Durant cette période de transition, où la fille devenue pubère se développait physiquement pour devenir femme, son corps exprimait son statut. Il servait de support aux différents insignes - vêtements, nudité, bijoux, maquillage, coiffures783, objets sacrés portés en procession - qu’elle arborait durant son service sacré. Ces insignes avaient une signification religieuse propre à la divinité concernée : ainsi de la crocote pour les ourses de Brauron, du chiton des jeunes coureuses d’Héra à Olympie, des fleurs pour Héra Antheia, du thyrse brandit par les jeunes filles pour Dionysos, ou encore à Patrai où le changement de couronnes les faisaient passer d’Artémis à Dionysos… Parfois, ainsi que nous l’avons vu avec Antheia à Ephèse, la vêture allait jusqu’à la personnification de la divinité, une façon de l’honorer et de la célébrer784. La fille arborait ainsi, en général, les signes de sa condition qui permettaient de la distinguer. En même temps, son corps, ainsi apprêté, ne restait pas figé mais se mouvait selon les différentes pratiques auxquelles on le soumettait : course, danse, marche. La parthénos semblait être toujours en mouvement.

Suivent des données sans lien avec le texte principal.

lemma eventually_floor_scaled_far_from_scaled_point:
  fixes g :: "nat \<Rightarrow> real" and \<gamma> \<epsilon> :: real
  assumes rate: "(\<lambda>n. g n - \<gamma>) \<in> O(\<lambda>n. 1 / real n)" and "\<And>n. 0 \<le> g n" and "0 < \<epsilon>"
  shows "eventually (\<lambda>m. \<forall>t. \<epsilon> \<le> \<bar>t - \<gamma>\<bar> \<longrightarrow>
      real m \<le> (real (nat \<lfloor>real m * g (Suc m)\<rfloor>) - real m * t)\<^sup>2) sequentially"
proof -
  obtain c where "eventually (\<lambda>n. norm (g n - \<gamma>) \<le> c * norm (1 / real n)) sequentially"
    using rate by (elim landau_o.bigE)
  then have "eventually (\<lambda>n. \<bar>g n - \<gamma>\<bar> \<le> c / real n) sequentially"
    by simp
  then have "eventually (\<lambda>m. \<bar>g (Suc m) - \<gamma>\<bar> \<le> c / real (Suc m)) sequentially"
    by (rule eventually_sequentially_Suc[THEN iffD2])
  then have close: "eventually (\<lambda>m. real m * \<bar>g (Suc m) - \<gamma>\<bar> \<le> c) sequentially"
  proof eventually_elim
    case (elim m)
    have "real m * \<bar>g (Suc m) - \<gamma>\<bar> \<le> real (Suc m) * \<bar>g (Suc m) - \<gamma>\<bar>"
      by (intro mult_right_mono) auto
    also have "\<dots> \<le> c"
      using elim by (simp add: field_simps)
    finally show ?case .
  qed
  have "eventually (\<lambda>m. max ((2 * c + 2) / \<epsilon>) (4 / \<epsilon>\<^sup>2) \<le> real m) sequentially"
    using filterlim_real_sequentially by (simp only: filterlim_at_top)
  then have large: "eventually (\<lambda>m. 2 * c + 2 \<le> \<epsilon> * real m \<and> 4 \<le> \<epsilon>\<^sup>2 * real m) sequentially"
    by eventually_elim (use \<open>0 < \<epsilon>\<close> in \<open>auto simp: field_simps\<close>)
  from close large show ?thesis
    by eventually_elim (use floor_scaled_far_from_scaled_point assms(2) in blast)
qed

lemma deriv_phi_mix_Suc:
  assumes "\<And>i. i \<in> {1..p} \<Longrightarrow> 0 \<le> gam i (Suc m) \<and> gam i (Suc m) \<le> 1"
  shows "deriv (phi_mix p alpha gam (Suc m))
    = (\<lambda>t. \<Sum>i = 1..p. alpha i * (real (Suc m) * Bernstein m (nat \<lfloor>real m * gam i (Suc m)\<rfloor>) t))"
proof
  fix t
  have "(phi_mix p alpha gam (Suc m) has_real_derivative
      (\<Sum>i = 1..p. alpha i * (real (Suc m) * Bernstein m (nat \<lfloor>real m * gam i (Suc m)\<rfloor>) t))) (at t)"
    unfolding phi_mix_def [abs_def] using assms
    by (intro DERIV_sum DERIV_cmult has_real_derivative_phi_Suc) auto
  then show "deriv (phi_mix p alpha gam (Suc m)) t
      = (\<Sum>i = 1..p. alpha i * (real (Suc m) * Bernstein m (nat \<lfloor>real m * gam i (Suc m)\<rfloor>) t))"
    by (rule DERIV_imp_deriv)
qed

lemma convex_on_deriv_phi_mix_Suc:
  assumes "\<And>i. i \<in> {1..p} \<Longrightarrow> 0 \<le> alpha i"
    and "\<And>i. i \<in> {1..p} \<Longrightarrow> 0 \<le> gam i (Suc m) \<and> gam i (Suc m) \<le> 1"
    and "0 \<le> lo" "hi \<le> 1"
    and "\<And>i t. i \<in> {1..p} \<Longrightarrow> t \<in> {lo..hi} \<Longrightarrow>
      real m \<le> (real (nat \<lfloor>real m * gam i (Suc m)\<rfloor>) - real m * t)\<^sup>2"
  shows "convex_on {lo..hi} (deriv (phi_mix p alpha gam (Suc m)))"
proof -
  have "convex_on {lo..hi}
      (\<lambda>t. \<Sum>i = 1..p. alpha i * (real (Suc m) * Bernstein m (nat \<lfloor>real m * gam i (Suc m)\<rfloor>) t))"
  proof (rule convex_on_sum_fun)
    fix i assume "i \<in> {1..p}"
    then have "convex_on {lo..hi} (Bernstein m (nat \<lfloor>real m * gam i (Suc m)\<rfloor>))"
      using assms(3-5) by (intro convex_on_Bernstein) auto
    then show "convex_on {lo..hi}
        (\<lambda>t. alpha i * (real (Suc m) * Bernstein m (nat \<lfloor>real m * gam i (Suc m)\<rfloor>) t))"
      using assms(1) \<open>i \<in> {1..p}\<close> by (intro convex_on_cmul) auto
  qed auto
  then show ?thesis
    by (simp only: deriv_phi_mix_Suc[where p = p and gam = gam and m = m, OF assms(2)])
qed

Parmi les services que nous avons considérés, il nous faut d’abord observer que les parthénoi matures, ayant acquis la beauté, arboraient toujours des vêtements de fêtes, des robes et des manteaux de qualité, de belles tenues confectionnées peut-être par leurs soins pour démontrer leur habilité dans cet art féminin. Elles portaient des bijoux, leurs cheveux quelquefois relevés en chignon pouvaient aussi tomber dans le dos, en tresse, un bandeau disciplinait les mèches rebelles. Ces coiffures témoignaient de leur état de fille à marier785. Elles arboraient une tenue significative de leur âge. Avec les canéphores, nous avons vu qu’elles arboraient une tenue distinctive de leur classe d’âge, se composant d’un péplos et d’un manteau léger, ramené sur les épaules ou agrafé sur le péplos. La statue d’une jeune fille, en marbre, avec les cheveux bouclés, un chignon sur la tête, portant le péplos argien, des bandes croisés sur la poitrine, un péplos agrafé tombant en vague dans son dos (Fig. 176) en est un exemple type. Ce port de cette vêture de la part des filles en âge de se marier signifiait « la reconnaissance (…) de leur changement physique, de l’adolescente à l’adulte 786». De plus, les canéphores étaient maquillées. Ces jeunes filles adoptaient aussi des comportements plus calmes. Elles ne couraient pas, leurs danses n’avaient rien de folles, et le plus souvent nous les retrouvons dans les procession, chantant ou portant des fleurs, des objets sacrés, qui les distinguaient et permettaient de les repérer immédiatement. Elles allaient au même rythme que les autres, dignement, dans une attitude noble, une certaine forme de fierté. Cette démonstration de leur maîtrise corporelle montrait l’acquisition de la maturité, elles avaient rejeté leur altérité négative.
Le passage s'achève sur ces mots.